**** DATA EXTRACTS ****

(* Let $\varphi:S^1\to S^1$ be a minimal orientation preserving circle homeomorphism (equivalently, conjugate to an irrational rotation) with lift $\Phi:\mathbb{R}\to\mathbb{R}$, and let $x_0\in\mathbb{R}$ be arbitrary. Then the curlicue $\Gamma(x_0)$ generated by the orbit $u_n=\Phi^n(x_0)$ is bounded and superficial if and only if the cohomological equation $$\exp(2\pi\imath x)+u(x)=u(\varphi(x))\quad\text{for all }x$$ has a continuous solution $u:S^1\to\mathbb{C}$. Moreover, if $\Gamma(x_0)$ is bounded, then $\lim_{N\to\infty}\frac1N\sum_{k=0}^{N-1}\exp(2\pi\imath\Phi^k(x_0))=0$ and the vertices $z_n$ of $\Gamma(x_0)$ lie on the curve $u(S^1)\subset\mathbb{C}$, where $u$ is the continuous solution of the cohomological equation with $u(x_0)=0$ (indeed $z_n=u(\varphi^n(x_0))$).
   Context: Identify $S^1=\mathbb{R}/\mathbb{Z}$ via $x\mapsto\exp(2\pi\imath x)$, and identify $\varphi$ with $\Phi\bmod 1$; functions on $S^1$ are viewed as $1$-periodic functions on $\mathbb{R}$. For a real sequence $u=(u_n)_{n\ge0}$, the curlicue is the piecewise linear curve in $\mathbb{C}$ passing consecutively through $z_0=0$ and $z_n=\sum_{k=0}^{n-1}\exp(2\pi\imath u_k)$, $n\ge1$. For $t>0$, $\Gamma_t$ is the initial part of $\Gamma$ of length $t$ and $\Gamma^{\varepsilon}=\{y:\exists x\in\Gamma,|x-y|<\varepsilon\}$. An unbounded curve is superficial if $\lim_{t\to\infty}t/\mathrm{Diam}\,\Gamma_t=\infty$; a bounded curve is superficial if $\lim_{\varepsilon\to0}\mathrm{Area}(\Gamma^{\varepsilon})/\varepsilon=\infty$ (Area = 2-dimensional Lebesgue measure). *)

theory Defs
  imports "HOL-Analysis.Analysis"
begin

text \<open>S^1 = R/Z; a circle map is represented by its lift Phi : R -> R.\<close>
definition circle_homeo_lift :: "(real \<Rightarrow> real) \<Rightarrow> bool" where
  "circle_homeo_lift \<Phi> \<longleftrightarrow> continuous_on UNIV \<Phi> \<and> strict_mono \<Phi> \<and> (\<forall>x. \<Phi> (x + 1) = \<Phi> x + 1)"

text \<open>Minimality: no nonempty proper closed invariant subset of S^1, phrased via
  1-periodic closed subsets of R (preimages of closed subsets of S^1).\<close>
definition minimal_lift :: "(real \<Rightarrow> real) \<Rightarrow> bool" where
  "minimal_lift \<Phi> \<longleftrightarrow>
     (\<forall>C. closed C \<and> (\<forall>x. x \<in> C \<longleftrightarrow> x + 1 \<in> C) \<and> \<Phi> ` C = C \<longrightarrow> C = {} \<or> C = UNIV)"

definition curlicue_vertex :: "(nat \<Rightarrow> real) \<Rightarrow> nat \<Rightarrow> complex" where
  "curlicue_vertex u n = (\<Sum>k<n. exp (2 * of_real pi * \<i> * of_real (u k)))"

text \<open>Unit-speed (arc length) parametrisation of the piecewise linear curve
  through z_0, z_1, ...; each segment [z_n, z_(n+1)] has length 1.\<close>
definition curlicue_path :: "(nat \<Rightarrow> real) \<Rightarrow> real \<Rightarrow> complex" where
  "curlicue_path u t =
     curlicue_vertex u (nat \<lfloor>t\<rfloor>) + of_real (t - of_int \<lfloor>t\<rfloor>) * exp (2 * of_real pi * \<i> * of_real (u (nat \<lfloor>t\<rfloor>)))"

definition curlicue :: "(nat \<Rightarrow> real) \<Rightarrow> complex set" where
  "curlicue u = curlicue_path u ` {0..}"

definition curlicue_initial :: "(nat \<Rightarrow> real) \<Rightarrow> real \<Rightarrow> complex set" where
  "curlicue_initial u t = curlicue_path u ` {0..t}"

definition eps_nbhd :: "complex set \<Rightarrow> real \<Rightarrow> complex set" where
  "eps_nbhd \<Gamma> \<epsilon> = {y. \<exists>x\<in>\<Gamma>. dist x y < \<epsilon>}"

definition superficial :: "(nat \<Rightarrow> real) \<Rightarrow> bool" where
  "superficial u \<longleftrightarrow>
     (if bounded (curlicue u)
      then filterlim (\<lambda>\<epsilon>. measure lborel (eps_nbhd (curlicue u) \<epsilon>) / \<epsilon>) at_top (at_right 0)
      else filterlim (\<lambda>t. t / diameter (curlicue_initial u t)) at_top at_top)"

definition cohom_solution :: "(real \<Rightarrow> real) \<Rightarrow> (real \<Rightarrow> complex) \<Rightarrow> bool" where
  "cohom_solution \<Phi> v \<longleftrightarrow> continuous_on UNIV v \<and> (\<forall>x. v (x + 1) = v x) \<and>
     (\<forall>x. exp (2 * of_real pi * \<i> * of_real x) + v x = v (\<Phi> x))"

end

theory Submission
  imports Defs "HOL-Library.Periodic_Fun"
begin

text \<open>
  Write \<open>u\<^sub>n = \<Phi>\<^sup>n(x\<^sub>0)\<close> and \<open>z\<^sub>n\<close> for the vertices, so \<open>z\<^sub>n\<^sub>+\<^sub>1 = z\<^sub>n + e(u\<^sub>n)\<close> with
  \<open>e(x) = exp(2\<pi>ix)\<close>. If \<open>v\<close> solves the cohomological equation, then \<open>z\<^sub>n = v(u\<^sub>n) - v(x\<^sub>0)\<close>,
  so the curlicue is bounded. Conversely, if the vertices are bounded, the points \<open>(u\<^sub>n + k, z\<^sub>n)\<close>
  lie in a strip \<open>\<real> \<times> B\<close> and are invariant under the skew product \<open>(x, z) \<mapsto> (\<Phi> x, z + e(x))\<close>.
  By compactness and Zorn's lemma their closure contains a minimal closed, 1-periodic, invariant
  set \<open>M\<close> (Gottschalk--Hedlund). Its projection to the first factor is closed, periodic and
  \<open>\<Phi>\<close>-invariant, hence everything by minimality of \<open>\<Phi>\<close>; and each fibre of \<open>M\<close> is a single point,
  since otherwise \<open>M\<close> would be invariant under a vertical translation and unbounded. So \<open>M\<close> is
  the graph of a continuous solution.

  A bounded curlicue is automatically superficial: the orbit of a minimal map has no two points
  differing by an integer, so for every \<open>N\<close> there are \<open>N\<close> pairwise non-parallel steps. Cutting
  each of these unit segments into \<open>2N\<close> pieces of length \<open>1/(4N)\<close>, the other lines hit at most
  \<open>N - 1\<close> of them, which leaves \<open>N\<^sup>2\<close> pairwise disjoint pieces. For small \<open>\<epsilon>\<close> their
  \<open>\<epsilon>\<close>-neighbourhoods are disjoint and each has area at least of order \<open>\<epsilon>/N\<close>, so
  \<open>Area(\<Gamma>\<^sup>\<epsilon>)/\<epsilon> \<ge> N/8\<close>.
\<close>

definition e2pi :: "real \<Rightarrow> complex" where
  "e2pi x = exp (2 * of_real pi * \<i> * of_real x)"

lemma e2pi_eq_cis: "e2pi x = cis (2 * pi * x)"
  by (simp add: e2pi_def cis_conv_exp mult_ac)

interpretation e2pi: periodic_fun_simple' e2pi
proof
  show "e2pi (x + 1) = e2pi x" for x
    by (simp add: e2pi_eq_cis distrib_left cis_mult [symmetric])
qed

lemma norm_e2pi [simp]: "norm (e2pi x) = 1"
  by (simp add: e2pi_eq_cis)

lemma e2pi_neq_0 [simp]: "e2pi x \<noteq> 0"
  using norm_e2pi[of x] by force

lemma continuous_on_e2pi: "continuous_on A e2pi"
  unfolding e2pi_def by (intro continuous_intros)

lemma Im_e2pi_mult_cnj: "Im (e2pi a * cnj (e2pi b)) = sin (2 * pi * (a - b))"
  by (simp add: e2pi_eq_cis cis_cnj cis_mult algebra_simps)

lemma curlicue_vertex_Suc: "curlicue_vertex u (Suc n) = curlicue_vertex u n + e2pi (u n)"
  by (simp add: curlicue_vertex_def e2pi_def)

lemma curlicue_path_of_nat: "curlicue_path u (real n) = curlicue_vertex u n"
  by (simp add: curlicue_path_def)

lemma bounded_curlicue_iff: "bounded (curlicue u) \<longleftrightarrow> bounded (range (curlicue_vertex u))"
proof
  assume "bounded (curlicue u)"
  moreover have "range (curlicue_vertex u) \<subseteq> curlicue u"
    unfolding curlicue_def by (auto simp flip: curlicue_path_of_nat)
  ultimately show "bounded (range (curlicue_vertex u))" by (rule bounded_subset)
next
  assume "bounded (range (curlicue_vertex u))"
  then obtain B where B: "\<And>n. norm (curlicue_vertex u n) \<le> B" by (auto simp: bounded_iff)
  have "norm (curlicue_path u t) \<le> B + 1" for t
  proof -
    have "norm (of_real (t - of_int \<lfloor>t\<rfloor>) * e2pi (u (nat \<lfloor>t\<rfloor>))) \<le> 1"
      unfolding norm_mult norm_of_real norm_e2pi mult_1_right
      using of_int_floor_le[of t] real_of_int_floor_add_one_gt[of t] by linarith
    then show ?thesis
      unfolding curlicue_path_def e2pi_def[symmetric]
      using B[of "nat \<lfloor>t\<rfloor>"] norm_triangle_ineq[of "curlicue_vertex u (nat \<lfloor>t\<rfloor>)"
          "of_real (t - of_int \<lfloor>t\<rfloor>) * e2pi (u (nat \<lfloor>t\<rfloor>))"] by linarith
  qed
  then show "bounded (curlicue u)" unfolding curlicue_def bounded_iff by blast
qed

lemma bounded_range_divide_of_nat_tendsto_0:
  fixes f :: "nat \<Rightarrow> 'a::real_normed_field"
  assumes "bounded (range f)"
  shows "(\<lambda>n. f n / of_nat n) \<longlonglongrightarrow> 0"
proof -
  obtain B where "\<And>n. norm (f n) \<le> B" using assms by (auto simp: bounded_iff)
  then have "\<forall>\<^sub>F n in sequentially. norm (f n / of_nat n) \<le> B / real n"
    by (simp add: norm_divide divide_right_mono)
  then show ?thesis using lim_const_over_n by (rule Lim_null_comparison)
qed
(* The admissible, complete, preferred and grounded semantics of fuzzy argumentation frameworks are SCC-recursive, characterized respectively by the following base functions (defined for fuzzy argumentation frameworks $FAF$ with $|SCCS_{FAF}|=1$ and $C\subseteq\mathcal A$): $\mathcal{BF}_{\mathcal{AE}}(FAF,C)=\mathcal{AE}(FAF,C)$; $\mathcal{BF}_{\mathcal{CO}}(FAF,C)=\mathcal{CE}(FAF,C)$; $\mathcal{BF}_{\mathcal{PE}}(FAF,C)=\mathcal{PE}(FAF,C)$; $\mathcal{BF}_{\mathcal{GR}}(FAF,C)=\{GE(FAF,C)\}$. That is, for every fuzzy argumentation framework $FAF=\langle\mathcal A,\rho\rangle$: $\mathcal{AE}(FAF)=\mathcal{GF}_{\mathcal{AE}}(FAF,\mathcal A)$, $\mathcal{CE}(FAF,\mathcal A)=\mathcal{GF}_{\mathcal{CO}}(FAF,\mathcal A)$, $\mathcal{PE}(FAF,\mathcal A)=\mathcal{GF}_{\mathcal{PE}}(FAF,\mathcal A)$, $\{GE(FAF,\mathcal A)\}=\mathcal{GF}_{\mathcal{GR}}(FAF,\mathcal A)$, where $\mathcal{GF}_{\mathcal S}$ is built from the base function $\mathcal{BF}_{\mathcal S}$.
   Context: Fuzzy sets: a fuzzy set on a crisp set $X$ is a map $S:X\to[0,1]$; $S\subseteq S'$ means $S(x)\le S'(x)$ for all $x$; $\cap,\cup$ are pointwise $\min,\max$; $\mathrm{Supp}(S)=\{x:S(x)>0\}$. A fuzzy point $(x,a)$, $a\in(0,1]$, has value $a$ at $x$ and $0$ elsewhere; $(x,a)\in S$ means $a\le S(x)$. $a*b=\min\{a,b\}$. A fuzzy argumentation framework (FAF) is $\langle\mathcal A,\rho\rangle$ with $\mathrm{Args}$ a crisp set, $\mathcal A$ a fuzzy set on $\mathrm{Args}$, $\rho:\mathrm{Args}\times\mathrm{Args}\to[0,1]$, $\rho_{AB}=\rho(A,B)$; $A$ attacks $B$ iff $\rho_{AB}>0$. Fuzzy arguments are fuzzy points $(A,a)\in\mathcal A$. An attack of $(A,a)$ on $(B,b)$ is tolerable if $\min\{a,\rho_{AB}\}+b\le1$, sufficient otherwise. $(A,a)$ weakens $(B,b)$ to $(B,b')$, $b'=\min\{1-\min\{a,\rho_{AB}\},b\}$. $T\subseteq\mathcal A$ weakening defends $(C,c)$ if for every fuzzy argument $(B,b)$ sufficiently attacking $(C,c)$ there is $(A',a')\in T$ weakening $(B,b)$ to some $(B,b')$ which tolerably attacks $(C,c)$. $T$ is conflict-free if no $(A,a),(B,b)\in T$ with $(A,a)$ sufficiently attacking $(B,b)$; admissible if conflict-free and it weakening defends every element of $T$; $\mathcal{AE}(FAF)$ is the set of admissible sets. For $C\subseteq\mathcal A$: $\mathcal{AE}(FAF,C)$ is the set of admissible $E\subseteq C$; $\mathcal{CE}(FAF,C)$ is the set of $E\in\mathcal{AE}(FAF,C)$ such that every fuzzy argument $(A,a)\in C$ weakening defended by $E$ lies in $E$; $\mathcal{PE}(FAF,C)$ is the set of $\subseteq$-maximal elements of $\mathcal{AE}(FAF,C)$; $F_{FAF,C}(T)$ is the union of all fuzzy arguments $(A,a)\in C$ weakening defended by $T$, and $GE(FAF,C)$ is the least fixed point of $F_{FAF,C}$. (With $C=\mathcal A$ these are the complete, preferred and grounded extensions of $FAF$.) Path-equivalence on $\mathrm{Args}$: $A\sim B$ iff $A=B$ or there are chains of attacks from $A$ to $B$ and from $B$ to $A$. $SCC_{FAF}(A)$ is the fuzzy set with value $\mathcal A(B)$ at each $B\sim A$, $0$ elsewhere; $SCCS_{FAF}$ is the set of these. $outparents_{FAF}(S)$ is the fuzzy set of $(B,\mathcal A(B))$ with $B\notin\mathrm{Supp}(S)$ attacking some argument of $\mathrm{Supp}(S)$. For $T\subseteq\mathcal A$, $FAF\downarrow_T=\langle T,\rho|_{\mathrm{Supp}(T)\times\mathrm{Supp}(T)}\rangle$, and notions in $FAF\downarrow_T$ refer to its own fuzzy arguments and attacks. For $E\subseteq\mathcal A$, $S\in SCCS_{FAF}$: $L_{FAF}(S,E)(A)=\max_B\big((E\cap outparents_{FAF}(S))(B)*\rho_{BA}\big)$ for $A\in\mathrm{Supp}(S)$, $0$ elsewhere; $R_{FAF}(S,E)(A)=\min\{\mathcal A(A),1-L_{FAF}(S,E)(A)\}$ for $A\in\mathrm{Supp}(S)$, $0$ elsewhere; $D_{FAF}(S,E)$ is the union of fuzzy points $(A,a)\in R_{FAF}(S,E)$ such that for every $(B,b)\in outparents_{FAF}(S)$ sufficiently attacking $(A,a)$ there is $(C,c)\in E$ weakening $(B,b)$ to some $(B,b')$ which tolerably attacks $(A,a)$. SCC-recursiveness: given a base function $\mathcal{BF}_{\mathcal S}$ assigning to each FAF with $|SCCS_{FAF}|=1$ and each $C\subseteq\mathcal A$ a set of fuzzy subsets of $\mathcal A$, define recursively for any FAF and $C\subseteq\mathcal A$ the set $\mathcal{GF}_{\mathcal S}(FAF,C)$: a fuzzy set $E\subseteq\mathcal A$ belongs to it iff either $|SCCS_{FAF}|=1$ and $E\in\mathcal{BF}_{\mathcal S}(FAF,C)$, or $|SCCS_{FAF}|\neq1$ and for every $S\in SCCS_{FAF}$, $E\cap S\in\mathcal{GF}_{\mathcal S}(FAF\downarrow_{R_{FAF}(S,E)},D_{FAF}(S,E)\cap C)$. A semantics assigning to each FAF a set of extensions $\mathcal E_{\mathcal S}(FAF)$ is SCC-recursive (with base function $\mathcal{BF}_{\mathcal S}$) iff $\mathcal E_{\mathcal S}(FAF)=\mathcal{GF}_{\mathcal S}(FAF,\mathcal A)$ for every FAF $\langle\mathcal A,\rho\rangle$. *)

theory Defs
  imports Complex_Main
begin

****

## EXERCISE DETAILS
Out of the data above, transcribe exactly and only the lines starting with the line that has "t = curlicue_path" and going on through the line that has "real) \<Rightarrow> (real", both included.

## OUTPUT OF THE TASK
  "curlicue_initial u t = curlicue_path u ` {0..t}"

definition eps_nbhd :: "complex set \<Rightarrow> real \<Rightarrow> complex set" where
  "eps_nbhd \<Gamma> \<epsilon> = {y. \<exists>x\<in>\<Gamma>. dist x y < \<epsilon>}"

definition superficial :: "(nat \<Rightarrow> real) \<Rightarrow> bool" where
  "superficial u \<longleftrightarrow>
     (if bounded (curlicue u)
      then filterlim (\<lambda>\<epsilon>. measure lborel (eps_nbhd (curlicue u) \<epsilon>) / \<epsilon>) at_top (at_right 0)
      else filterlim (\<lambda>t. t / diameter (curlicue_initial u t)) at_top at_top)"

definition cohom_solution :: "(real \<Rightarrow> real) \<Rightarrow> (real \<Rightarrow> complex) \<Rightarrow> bool" where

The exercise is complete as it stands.